Chemistry

Hydrogen and helium (two nonmetals), make up about 99% of ordinary matter in the observable universe by mass.

Living organisms are composed almost entirely of the nonmetals hydrogen, oxygen, carbon, and nitrogen

Periodic Table

Columns in the periodic table form similar valence electrons. If you are above or below another element in the table, you can make similar molecules with all the same other atoms.

For example, silicon is right below. So every molecule we can make with carbon can also be made with silicon

  • This is why many Sci-fi movies have life forms that are silicon based, rather than carbon based. This rationale is a bit weak however, since carbon is much more ubiquitous than silicon is.

Molecules

In a molecule, electrons are not confined to their own atoms. They can move around with ease if the right atoms are connected in the right way.

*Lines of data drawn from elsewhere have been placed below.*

lemma gamma_fun_plus_Ln_sums:
  fixes w :: complex
  assumes "norm w = 1" "w \<noteq> 1"
  shows "(\<lambda>m. w ^ m * complex_of_real (ln_succ_ratio m)) sums - (gamma_fun w + Ln (1 - w) / w)"
proof -
  have "w \<noteq> 0" using assms by auto
  have "(\<lambda>m. w ^ Suc m / of_nat (Suc m) / w) sums (- Ln (1 - w) / w)"
    using Ln_series_boundary [OF assms] by (rule sums_divide)
  then have log: "(\<lambda>m. w ^ m / of_nat (Suc m)) sums (- Ln (1 - w) / w)"
    using \<open>w \<noteq> 0\<close> by simp
  have gamma: "(\<lambda>m. w ^ m * complex_of_real (1 / real (Suc m) - ln_succ_ratio m)) sums gamma_fun w"
    using summable_sums [OF summable_gamma_fun [of w]] assms
    by (simp add: gamma_fun_def ln_succ_ratio_def)
  have "(\<lambda>m. w ^ m / of_nat (Suc m) - w ^ m * complex_of_real (1 / real (Suc m) - ln_succ_ratio m))
      sums (- Ln (1 - w) / w - gamma_fun w)"
    by (rule sums_diff [OF log gamma])
  also have "(\<lambda>m. w ^ m / of_nat (Suc m) - w ^ m * complex_of_real (1 / real (Suc m) - ln_succ_ratio m))
      = (\<lambda>m. w ^ m * complex_of_real (ln_succ_ratio m))"
    by (simp add: right_diff_distrib)
  also have "- Ln (1 - w) / w - gamma_fun w = - (gamma_fun w + Ln (1 - w) / w)"
    by (simp add: algebra_simps)
  finally show ?thesis .
qed

lemma ln_Gamma_series_diff_eq:
  assumes "N > 0"
  shows "ln_Gamma_series (real (i + 2) / real N) n - ln_Gamma_series (real (i + 1) / real N) n
       = ln (real n) / real N - (\<Sum>k\<le>n. ln_succ_ratio (k * N + i))"
proof -
  have step: "ln (real (i + 2) / real N / real k + 1) - ln (real (i + 1) / real N / real k + 1)
      = ln_succ_ratio (k * N + i)" if "k \<ge> 1" for k
  proof -
    have "real (i + 2) / real N / real k + 1 = real (Suc (Suc (k * N + i))) / real (k * N)"
         "real (i + 1) / real N / real k + 1 = real (Suc (k * N + i)) / real (k * N)"
      using that assms by (simp_all add: field_simps)
    then show ?thesis
      using that assms by (simp add: ln_succ_ratio_def ln_div del: of_nat_Suc)
  qed
  have "(\<Sum>k\<le>n. ln_succ_ratio (k * N + i)) = ln_succ_ratio i + (\<Sum>k=1..n. ln_succ_ratio (k * N + i))"
    by (simp add: atMost_atLeast0 sum.atLeast_Suc_atMost)
  also have "(\<Sum>k=1..n. ln_succ_ratio (k * N + i))
      = (\<Sum>k=1..n. ln (real (i + 2) / real N / real k + 1))
        - (\<Sum>k=1..n. ln (real (i + 1) / real N / real k + 1))"
    using step by (simp add: sum_subtractf [symmetric])
  also have "ln_succ_ratio i = ln (real (i + 2) / real N) - ln (real (i + 1) / real N)"
    using assms by (simp add: ln_succ_ratio_def ln_div)
  finally have "(\<Sum>k\<le>n. ln_succ_ratio (k * N + i))
      = ln (real (i + 2) / real N) - ln (real (i + 1) / real N)
        + ((\<Sum>k=1..n. ln (real (i + 2) / real N / real k + 1))
           - (\<Sum>k=1..n. ln (real (i + 1) / real N / real k + 1)))" .
  moreover have "real (i + 2) / real N * ln (real n) - real (i + 1) / real N * ln (real n)
      = ln (real n) / real N"
    by (simp add: left_diff_distrib [symmetric] diff_divide_distrib [symmetric])
  ultimately show ?thesis
    unfolding ln_Gamma_series_def by linarith
qed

  • Sometimes the movements are so divisive as to polarize the molecule, and sometimes not quite so much that the molecule is not very polar at all. The important thing to keep in mind is that molecules will interact with each other depending on these degree of electrical interactions.
  • A lot of how a protein behaves is due to electrical interactions.

Protein

Each protein is a molecule that is composed of chains of amino acids.

  • Using a particular set of atoms as building materials – which are carbon, nitrogen, oxygen and maybe a dash of sulfur – we can construct an amino acid. Start putting them together, and our chains will start to spiral and flatten due to electrical interactions between electrons that move around a molecule and expose positive regions.
    • Chain enough amino acids and form enough spirals, and the result is an immensely complicated and massive molecule known as a protein.

Baking example

When mixing incredients for a cake, sometimes we have oil (large and electrically neutral) and water (small and highly charged). Naturally these 2 ingredients won't mix, but we can mix them if we add an egg. The reason this works is because of the egg's high protein content.

  • Proteins are amphiphilic, meaning that they have segments that prefer mixing with oil and segments that prefer mixing with water. When mixing an egg, the proteins start to unravel, scooping the ingredients in the water and the ingredients in the oil, creating one large oop.
    • This property makes eggs an emulsifier, also known as a binding agent.